Dragon Eye is written and illustrated by Kairi Fujiyama. Kodansha published the manga's 9 tankōbon between December 22, 2005, and February 22, 2008. The manga is licensed in North America by Del Rey Manga, which released the first volume in June 2007.

==Reception==
Dragon Eye was ranked equal fourth with Black Sun, Silver Moon and Zombie-Loan on an About.com's reader poll for the best shōnen manga of 2007. Dragon Eye was nominated as one of Young Adult Library Services Association's 2008 Great Graphic Novels. Anime News Network's Theron Martin commends the manga for its "good artistry despite generic design, lots and lots of action" but criticises it for "zero originality or freshness, little character development". Mania.com's Sakura Eries criticises the manga for its excessive use of speedlines saying, "unfortunately, between the speed lines and the "blurred" depictions of weapons in motion, it's difficult to distinguish who is being hit by what in certain panels". Comics Worth Reading's Ed Sizemore commends the characterisation of Leila as "a wonderful blend of passion, seriousness, honesty, and naivete". He also commends the fight scenes for being "dynamic and fluid". A later review by Sizemore commends Kairi Fujiyama's storytelling for being able to "blend the background material into the narrative.
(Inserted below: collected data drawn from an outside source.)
(* Let $q$ be a prime power, $e\ge 2$, $\ell=q^{e-1}+\cdots+q+1$, and let $h$ be a positive integer and $r$ an integer. Then $r(q^h-1)-q+1\equiv 0\pmod{q^e-1}$ if and only if $\gcd(h,e)=1$ and $r\equiv s\ell+\sum_{i=0}^{k-1}q^{hi}\pmod{q^e-1}$ for some integer $s$, where $k$ is a positive integer whose reduction modulo $e$ is the inverse of $h$ modulo $e$. *)

theory Defs
  imports "HOL-Number_Theory.Number_Theory"
begin

end

theory Submission
  imports Defs
begin

text \<open>Write \<open>T = (q^h - 1)/(q - 1)\<close> and \<open>S = \<Sum>i<k. q^(h i)\<close>. Since \<open>q^e \<equiv> 1\<close> modulo
  \<open>q^e - 1\<close>, exponents of \<open>q\<close> only matter modulo \<open>e\<close>, so \<open>kh \<equiv> 1 (mod e)\<close> gives
  \<open>(q^h - 1) S = q^(kh) - 1 \<equiv> q - 1\<close>; dividing by \<open>q - 1\<close>, \<open>S\<close> is an inverse of \<open>T\<close> modulo \<open>\<ell>\<close>.
  Dividing the congruence of the theorem by \<open>q - 1\<close> turns it into \<open>r T \<equiv> 1 (mod \<ell>)\<close>,
  i.e. \<open>r \<equiv> S (mod \<ell>)\<close>. For coprimality, with \<open>d = gcd h e\<close> the number \<open>q^d - 1\<close> divides
  \<open>q^h - 1\<close> and \<open>q^e - 1\<close>, hence \<open>q - 1\<close>, which forces \<open>d = 1\<close>.\<close>

lemma cong_mult_cancel_modulus:
  fixes a b c n :: int
  assumes "c \<noteq> 0"
  shows "[c * a = c * b] (mod c * n) \<longleftrightarrow> [a = b] (mod n)"
  using assms by (simp add: cong_iff_dvd_diff flip: right_diff_distrib)

lemma cong_mult_eq_one_iff_cong_inverse:
  fixes a b n x :: "'a :: unique_euclidean_ring"
  assumes "[a * b = 1] (mod n)"
  shows "[x * a = 1] (mod n) \<longleftrightarrow> [x = b] (mod n)"
proof
  assume "[x * a = 1] (mod n)"
  have "[x * 1 = x * (a * b)] (mod n)"
    using assms by (intro cong_mult cong_refl) (rule cong_sym)
  also have "x * (a * b) = (x * a) * b"
    by (simp add: mult.assoc)
  also have "[\<dots> = 1 * b] (mod n)"
    using \<open>[x * a = 1] (mod n)\<close> by (intro cong_mult cong_refl)
  finally show "[x = b] (mod n)" by simp
next
  assume "[x = b] (mod n)"
  then have "[x * a = a * b] (mod n)"
    by (metis cong_scalar_right mult.commute)
  then show "[x * a = 1] (mod n)"
    using assms by (rule cong_trans)
qed

lemma ex_cong_multiple_add_iff:
  fixes r a l n :: int
  assumes "l dvd n"
  shows "(\<exists>s. [r = s * l + a] (mod n)) \<longleftrightarrow> [r = a] (mod l)"
proof
  assume "\<exists>s. [r = s * l + a] (mod n)"
  then obtain s where "[r = s * l + a] (mod l)"
    using assms cong_dvd_modulus by blast
  moreover have "[s * l + a = a] (mod l)"
    by (simp add: cong_iff_dvd_diff)
  ultimately show "[r = a] (mod l)"
    by (rule cong_trans)
next
  assume "[r = a] (mod l)"
  then have "[a = r] (mod l)"
    by (rule cong_sym)
  then obtain s where "r = a + l * s"
    unfolding cong_iff_lin ..
  then have "[r = s * l + a] (mod n)"
    by (simp add: mult.commute add.commute)
  then show "\<exists>s. [r = s * l + a] (mod n)" ..
qed

lemma ex_pos_mult_inverse_mod:
  fixes h e :: nat
  assumes "coprime h e"
  shows "\<exists>k>0. [k * h = 1] (mod e)"
proof -
  obtain k where "[h * k = 1] (mod e)"
    using cong_solve_coprime_nat assms by auto
  then have k: "[k * h = 1] (mod e)"
    by (simp add: mult.commute)
  have "[(k + e) * h = k * h] (mod e)"
    unfolding add_mult_distrib cong_def by simp
  then have inverse: "[(k + e) * h = 1] (mod e)"
    using k by (rule cong_trans)
  have "k + e > 0"
  proof (rule ccontr)
    assume "\<not> k + e > 0"
    then have "k = 0" "e = 0"
      by simp_all
    then show False
      using k by simp
  qed
  with inverse show ?thesis
    by blast
qed

lemma cong_power_mod_power_minus_one:
  fixes Q :: int and a b e :: nat
  assumes "[a = b] (mod e)"
  shows "[Q ^ a = Q ^ b] (mod Q ^ e - 1)"
proof -
  have unit: "[Q ^ e = 1] (mod Q ^ e - 1)"
    by (simp add: cong_iff_dvd_diff)
  have reduce: "[Q ^ n = Q ^ (n mod e)] (mod Q ^ e - 1)" for n
  proof -
    have "Q ^ n = Q ^ (n mod e) * (Q ^ e) ^ (n div e)"
      by (metis div_mult_mod_eq add.commute power_add power_mult mult.commute)
    also have "[\<dots> = Q ^ (n mod e) * 1 ^ (n div e)] (mod Q ^ e - 1)"
      by (intro cong_mult cong_refl cong_pow unit)
    finally show ?thesis by simp
  qed
  have "a mod e = b mod e"
    using assms by (simp add: cong_def)
  then show ?thesis
    using reduce[of a] reduce[of b] by (metis cong_sym cong_trans)
qed

lemma power_minus_one_dvd_self_minus_one_iff:
  fixes Q :: int and d :: nat
  assumes "Q \<ge> 2"
  shows "Q ^ d - 1 dvd Q - 1 \<longleftrightarrow> d = 1"
proof
  assume dvd: "Q ^ d - 1 dvd Q - 1"
  show "d = 1"
  proof (rule ccontr)
    assume "d \<noteq> 1"
    moreover have "d \<noteq> 0"
    proof
      assume "d = 0"
      then have "Q = 1"
        using dvd by simp
      then show False
        using assms by simp
    qed
    ultimately have "Q ^ 2 \<le> Q ^ d"
      using assms by (intro power_increasing) auto
    moreover have "Q ^ d - 1 \<le> Q - 1"
      using dvd assms by (intro zdvd_imp_le) auto
    moreover have "Q < Q ^ 2"
      using assms by (simp add: power2_eq_square)
    ultimately show False
      by linarith
  qed
qed simp

lemma coprime_exponents_if_cong:
  fixes Q r :: int and h e :: nat
  assumes "Q \<ge> 2" and "[r * (Q ^ h - 1) = Q - 1] (mod Q ^ e - 1)"
  shows "coprime h e"
proof -
  define d where "d = gcd h e"
  have "[Q ^ h = Q ^ 0] (mod Q ^ d - 1)" "[Q ^ e = Q ^ 0] (mod Q ^ d - 1)"
    by (intro cong_power_mod_power_minus_one; simp add: cong_0_iff d_def)+
  then have "Q ^ d - 1 dvd Q ^ h - 1" "Q ^ d - 1 dvd Q ^ e - 1"
    by (simp_all add: cong_iff_dvd_diff)
  then have "[r * (Q ^ h - 1) = Q - 1] (mod Q ^ d - 1)" "[r * (Q ^ h - 1) = 0] (mod Q ^ d - 1)"
    using assms(2) cong_dvd_modulus by (auto simp: cong_0_iff)
  then have "Q ^ d - 1 dvd Q - 1"
    by (metis cong_0_iff cong_sym cong_trans)
  then have "d = 1"
    by (rule power_minus_one_dvd_self_minus_one_iff[OF assms(1), THEN iffD1])
  then show ?thesis
    unfolding d_def coprime_iff_gcd_eq_1 .
qed

lemma cong_geometric_sum_of_inverse_exponent:
  fixes Q :: int and h e k :: nat
  assumes "[k * h = 1] (mod e)"
  shows "[(Q ^ h - 1) * (\<Sum>i<k. Q ^ (h * i)) = Q - 1] (mod Q ^ e - 1)"
proof -
  have "(Q ^ h - 1) * (\<Sum>i<k. Q ^ (h * i)) = (Q ^ h - 1) * (\<Sum>i<k. (Q ^ h) ^ i)"
    by (simp add: power_mult)
  also have "\<dots> = (Q ^ h) ^ k - 1"
    by (rule power_diff_1_eq[symmetric])
  also have "\<dots> = Q ^ (k * h) - 1"
    by (simp add: power_mult mult.commute)
  also have "[\<dots> = Q ^ 1 - 1] (mod Q ^ e - 1)"
    by (intro cong_diff cong_refl cong_power_mod_power_minus_one assms)
  finally show ?thesis by simp
qed

lemma cong_geometric_sums_mult_eq_one:
  fixes Q :: int and h e k :: nat
  assumes "Q \<noteq> 1" and "[k * h = 1] (mod e)"
  shows "[(\<Sum>j<h. Q ^ j) * (\<Sum>i<k. Q ^ (h * i)) = 1] (mod (\<Sum>i<e. Q ^ i))"
proof -
  have "Q - 1 \<noteq> 0"
    using assms(1) by simp
  moreover have "[(Q - 1) * ((\<Sum>j<h. Q ^ j) * (\<Sum>i<k. Q ^ (h * i))) = (Q - 1) * 1]
      (mod (Q - 1) * (\<Sum>i<e. Q ^ i))"
    using cong_geometric_sum_of_inverse_exponent[OF assms(2), of Q]
    by (simp add: power_diff_1_eq mult.assoc)
  ultimately show ?thesis
    using cong_mult_cancel_modulus by blast
qed

lemma cong_times_power_minus_one_iff:
  fixes Q r :: int and h e k :: nat
  assumes "Q \<noteq> 1" and "[k * h = 1] (mod e)"
  shows "[r * (Q ^ h - 1) = Q - 1] (mod Q ^ e - 1) \<longleftrightarrow>
    [r = (\<Sum>i<k. Q ^ (h * i))] (mod (\<Sum>i<e. Q ^ i))"
proof -
  define T where "T = (\<Sum>j<h. Q ^ j)"
  have "[r * (Q ^ h - 1) = Q - 1] (mod Q ^ e - 1) \<longleftrightarrow>
      [(Q - 1) * (r * T) = (Q - 1) * 1] (mod (Q - 1) * (\<Sum>i<e. Q ^ i))"
    unfolding power_diff_1_eq[of Q h] power_diff_1_eq[of Q e] T_def by (simp add: mult.left_commute)
  also have "\<dots> \<longleftrightarrow> [r * T = 1] (mod (\<Sum>i<e. Q ^ i))"
    using assms(1) by (intro cong_mult_cancel_modulus) simp
  also have "\<dots> \<longleftrightarrow> [r = (\<Sum>i<k. Q ^ (h * i))] (mod (\<Sum>i<e. Q ^ i))"
    using cong_geometric_sums_mult_eq_one[OF assms] unfolding T_def by (rule cong_mult_eq_one_iff_cong_inverse)
  finally show ?thesis .
qed

theorem lemma3p3:
  fixes q e h :: nat and r :: int and p m :: nat
  assumes "prime p" and "m \<ge> 1" and "q = p ^ m"
    and "e \<ge> 2" and "h > 0"
  defines "l \<equiv> (\<Sum>i<e. int q ^ i)"
  shows "[r * (int q ^ h - 1) - int q + 1 = 0] (mod (int q ^ e - 1)) \<longleftrightarrow>
           (coprime h e \<and>
            (\<forall>k::nat. k > 0 \<and> [k * h = 1] (mod e) \<longrightarrow>
               (\<exists>s::int. [r = s * l + (\<Sum>i<k. int q ^ (h * i))] (mod (int q ^ e - 1)))))"
proof -
  define Q where "Q = int q"
  have "q > 1"
    unfolding assms(3) using prime_gt_1_nat[OF assms(1)] assms(2) by (intro one_less_power) auto
  then have Q_ge_2: "Q \<ge> 2"
    by (simp add: Q_def)
  have l_eq: "l = (\<Sum>i<e. Q ^ i)"
    by (simp add: l_def Q_def)
  have "l dvd Q ^ e - 1"
    unfolding l_eq by (simp add: power_diff_1_eq)
  note witness_iff = ex_cong_multiple_add_iff[OF this]
  have key: "(\<exists>s. [r = s * l + (\<Sum>i<k. Q ^ (h * i))] (mod Q ^ e - 1)) \<longleftrightarrow>
      [r * (Q ^ h - 1) = Q - 1] (mod Q ^ e - 1)" if "[k * h = 1] (mod e)" for k
    using cong_times_power_minus_one_iff[of Q k h e r, folded l_eq] Q_ge_2 that witness_iff by simp
  have "[r * (Q ^ h - 1) - Q + 1 = 0] (mod Q ^ e - 1) \<longleftrightarrow>
      [r * (Q ^ h - 1) = Q - 1] (mod Q ^ e - 1)"
    by (simp add: cong_iff_dvd_diff algebra_simps)
  then show ?thesis
    unfolding Q_def[symmetric]
  proof (rule ssubst, intro iffI conjI allI impI)
    show "coprime h e" if "[r * (Q ^ h - 1) = Q - 1] (mod Q ^ e - 1)"
      using Q_ge_2 that by (rule coprime_exponents_if_cong)
  qed (use key ex_pos_mult_inverse_mod in blast)+
qed

end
As the characters face various challenges, they are reminded of situations in their past, leading to a flashback sequence". Coolstreak Comics' Julie Gray comments that the manga "reminds me a lot of Bleach in both style and feel". She criticises the manga for its dialogue saying, "in some places the dialogue didn't always flow very well or make sense even though the storyline itself is engaging". Active Anime's Scott Campbell commends the fast pacing of the manga which "results in a "never a dull moment" kind of feel to the series". He also recommends the manga to "any Naruto or Bleach enthusiast". Jason Thompson's appendix to Manga: The Complete Guide comments on the manga's "clear Naruto influence" through the "pseudo-Asian setting and the central character dynamic". He also comments that "despite lots of swords slashing around, the series is low on violence, as the Dracules turn to smoke when killed".